-- MATERIAL FOR THIS EXERCISE follows --

lemma bm_coeffs_scaled_if_rearranged:
  assumes scheme: "assoc_scheme X d R"
    and "inj_on w {0..d}" "inj_on w' {0..d}" "inj_on (valency X R) {0..d}"
    and "\<sigma> ` X \<subseteq> X" "bij_betw \<tau> X X" "c \<noteq> 0"
    and rearranged: "\<forall>x\<in>X. \<forall>y\<in>X. bm_elem d R w' (\<sigma> x) (\<tau> y) = c * bm_elem d R w x y"
    and i: "i \<le> d"
  shows "w' i = c * w i"
proof -
  obtain x where x: "x \<in> X" using assoc_scheme_nonempty[OF scheme] by blast
  then have \<sigma>x: "\<sigma> x \<in> X" using assms(5) by blast
  obtain y where y: "y \<in> X" "(x, y) \<in> R i" using class_row_nonempty[OF scheme i x] .
  then have "\<tau> y \<in> X" using assms(6) by (auto simp: bij_betw_def)
  then obtain j where j: "j \<le> d" "(\<sigma> x, \<tau> y) \<in> R j"
    using assoc_scheme_class_exists[OF scheme \<sigma>x] by blast
  have "bm_elem d R w' (\<sigma> x) (\<tau> y) = c * bm_elem d R w x y" using rearranged x y(1) by blast
  then have w'j: "w' j = c * w i"
    using bm_elem_on_class[OF scheme j, of w'] bm_elem_on_class[OF scheme i y(2), of w] by simp
  have "valency X R j = card {v \<in> X. bm_elem d R w' (\<sigma> x) v = c * w i}"
    using valency_eq_card_class_row[OF scheme j(1) \<sigma>x]
      bm_elem_row_level_set[OF scheme assms(3) j(1) \<sigma>x] w'j by simp
  also have "\<dots> = card {v \<in> X. bm_elem d R w x v = w i}"
    by (rule card_level_set_rearranged[OF assms(6,7)]) (use rearranged x in blast)
  also have "\<dots> = valency X R i"
    using valency_eq_card_class_row[OF scheme i x] bm_elem_row_level_set[OF scheme assms(2) i x] by simp
  finally have "j = i" using assms(4) i j(1) by (auto dest: inj_onD)
  then show ?thesis using w'j by simp
qed

lemma equiv_bm_elem_is_scaled_rearrangement:
  assumes scheme: "assoc_scheme X d R" and "1 \<le> d"
    and valencies: "inj_on (valency X R) {0..d}"
    and p11: "\<forall>i\<in>{1..d}. real (inter_num X R 1 1 i) > real (card X) / 2"
    and nonzero: "\<forall>x\<in>X. \<forall>y\<in>X. bm_elem d R w x y \<noteq> 0"
    and "type_II_equiv X (bm_elem d R w) (bm_elem d R w')"
  obtains c \<sigma> \<tau> where "c \<noteq> 0" "\<sigma> ` X \<subseteq> X" "bij_betw \<tau> X X"
    "\<forall>x\<in>X. \<forall>y\<in>X. bm_elem d R w' (\<sigma> x) (\<tau> y) = c * bm_elem d R w x y"
proof -
  obtain D D' :: "'a \<Rightarrow> complex" and \<sigma> \<tau> where D: "\<forall>x\<in>X. D x \<noteq> 0 \<and> D' x \<noteq> 0"
    and \<sigma>: "bij_betw \<sigma> X X" and \<tau>: "bij_betw \<tau> X X"
    and equiv: "\<forall>x\<in>X. \<forall>y\<in>X. D x * bm_elem d R w x y * D' y = bm_elem d R w' (\<sigma> x) (\<tau> y)"
    using assms(6) unfolding type_II_equiv_def by blast
  have fin: "finite X" using assoc_scheme_finite[OF scheme] .
  have common: "\<And>x x'. x \<in> X \<Longrightarrow> x' \<in> X \<Longrightarrow> x \<noteq> x' \<Longrightarrow>
      real (card {z \<in> X. (x, z) \<in> R 1 \<and> (x', z) \<in> R 1}) > real (card X) / 2"
    using card_common_neighbours_gt[OF scheme assms(2) valencies p11] by blast
  have R1_sym: "(a, b) \<in> R 1 \<Longrightarrow> (b, a) \<in> R 1" for a b
    using class_symmetric_if_valencies_distinct[OF scheme assms(2) valencies] by blast
  have on_R1: "bm_elem d R v a b = v 1" if "(a, b) \<in> R 1" for v a b
    using bm_elem_on_class[OF scheme assms(2) that] .
  obtain a b where "(a, b) \<in> R 1" using assoc_scheme_class_nonempty[OF scheme assms(2)] by auto
  then have "w 1 \<noteq> 0"
    using nonzero on_R1 assoc_scheme_class_subset[OF scheme assms(2)] by metis
  obtain x0 where x0: "x0 \<in> X" using assoc_scheme_nonempty[OF scheme] by blast
  have \<sigma>X: "inj_on \<sigma> X" "\<sigma> ` X \<subseteq> X" and \<tau>X: "inj_on \<tau> X" "\<tau> ` X \<subseteq> X"
    using \<sigma> \<tau> by (auto simp: bij_betw_def)
  have D_const: "D x = D x0" if "x \<in> X" for x
    using row_scaling_constant[where E = "R 1" and W = "bm_elem d R w" and \<alpha> = "w 1"
        and W' = "bm_elem d R w'" and \<alpha>' = "w' 1",
        OF fin \<sigma>X \<tau> common on_R1 on_R1 \<open>w 1 \<noteq> 0\<close> _ equiv[rule_format] that x0]
      D by blast
  have equiv_transposed: "D' y * bm_elem d R w x y * D x = bm_elem d R w' (\<sigma> x) (\<tau> y)"
    if "y \<in> X" "x \<in> X" for x y
    using equiv that by (simp add: mult_ac)
  have D'_const: "D' y = D' x0" if "y \<in> X" for y
    using row_scaling_constant[where E = "R 1" and W = "\<lambda>a b. bm_elem d R w b a" and \<alpha> = "w 1"
        and W' = "\<lambda>a b. bm_elem d R w' b a" and \<alpha>' = "w' 1" and D = D' and D' = D,
        OF fin \<tau>X \<sigma> common on_R1[OF R1_sym] on_R1[OF R1_sym] \<open>w 1 \<noteq> 0\<close> _ equiv_transposed that x0]
      D by blast
  show ?thesis
  proof
    show "D x0 * D' x0 \<noteq> 0" using D x0 by simp
    show "\<forall>x\<in>X. \<forall>y\<in>X. bm_elem d R w' (\<sigma> x) (\<tau> y) = D x0 * D' x0 * bm_elem d R w x y"
      using equiv D_const D'_const by (simp add: mult_ac)
  qed (use \<sigma>X \<tau> in auto)
qed

theorem lemma5p7:
  fixes X :: "'a set" and d :: nat and R :: "nat \<Rightarrow> ('a \<times> 'a) set"
    and w w' :: "nat \<Rightarrow> complex"
  assumes "assoc_scheme X d R"
    and "1 \<le> d"
    and "type_II X (bm_elem d R w)"
    and "type_II X (bm_elem d R w')"
    and "inj_on w {0..d}"
    and "inj_on w' {0..d}"
    and "inj_on (valency X R) {0..d}"
    and "\<forall>i\<in>{1..d}. real (inter_num X R 1 1 i) > real (card X) / 2"
    and "type_II_equiv X (bm_elem d R w) (bm_elem d R w')"
  shows "\<exists>c::complex. \<forall>x\<in>X. \<forall>y\<in>X. bm_elem d R w x y = c * bm_elem d R w' x y"
proof -
  have "\<forall>x\<in>X. \<forall>y\<in>X. bm_elem d R w x y \<noteq> 0" using assms(3) by (simp add: type_II_def)
  then obtain c \<sigma> \<tau> where c: "c \<noteq> 0" and \<sigma>: "\<sigma> ` X \<subseteq> X" and \<tau>: "bij_betw \<tau> X X"
    and rearranged: "\<forall>x\<in>X. \<forall>y\<in>X. bm_elem d R w' (\<sigma> x) (\<tau> y) = c * bm_elem d R w x y"
    using equiv_bm_elem_is_scaled_rearrangement[OF assms(1,2,7,8) _ assms(9)] by blast
  have coeffs: "w' i = c * w i" if "i \<le> d" for i
    using bm_coeffs_scaled_if_rearranged[OF assms(1,5,6,7) \<sigma> \<tau> c rearranged that] .
  have "bm_elem d R w' x y = c * bm_elem d R w x y" for x y
  proof -
    have "bm_elem d R w' x y = (\<Sum>i\<le>d. c * (w i * adj_mat R i x y))"
      unfolding bm_elem_def using coeffs by (intro sum.cong) simp_all
    then show ?thesis by (simp add: bm_elem_def sum_distrib_left)
  qed
  then show ?thesis using c by (intro exI[of _ "inverse c"]) simp
qed

end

-- MATERIAL FOR THIS EXERCISE concluded --

**TASK ITEM**:
Look back at the data above. Transcribe exactly the lines starting at the line that contains "using nonzero on_R1" and ending at the line that contains "obtain x0 where".

**EXERCISE RESPONSE**:
    using nonzero on_R1 assoc_scheme_class_subset[OF scheme assms(2)] by metis
  obtain x0 where x0: "x0 \<in> X" using assoc_scheme_nonempty[OF scheme] by blast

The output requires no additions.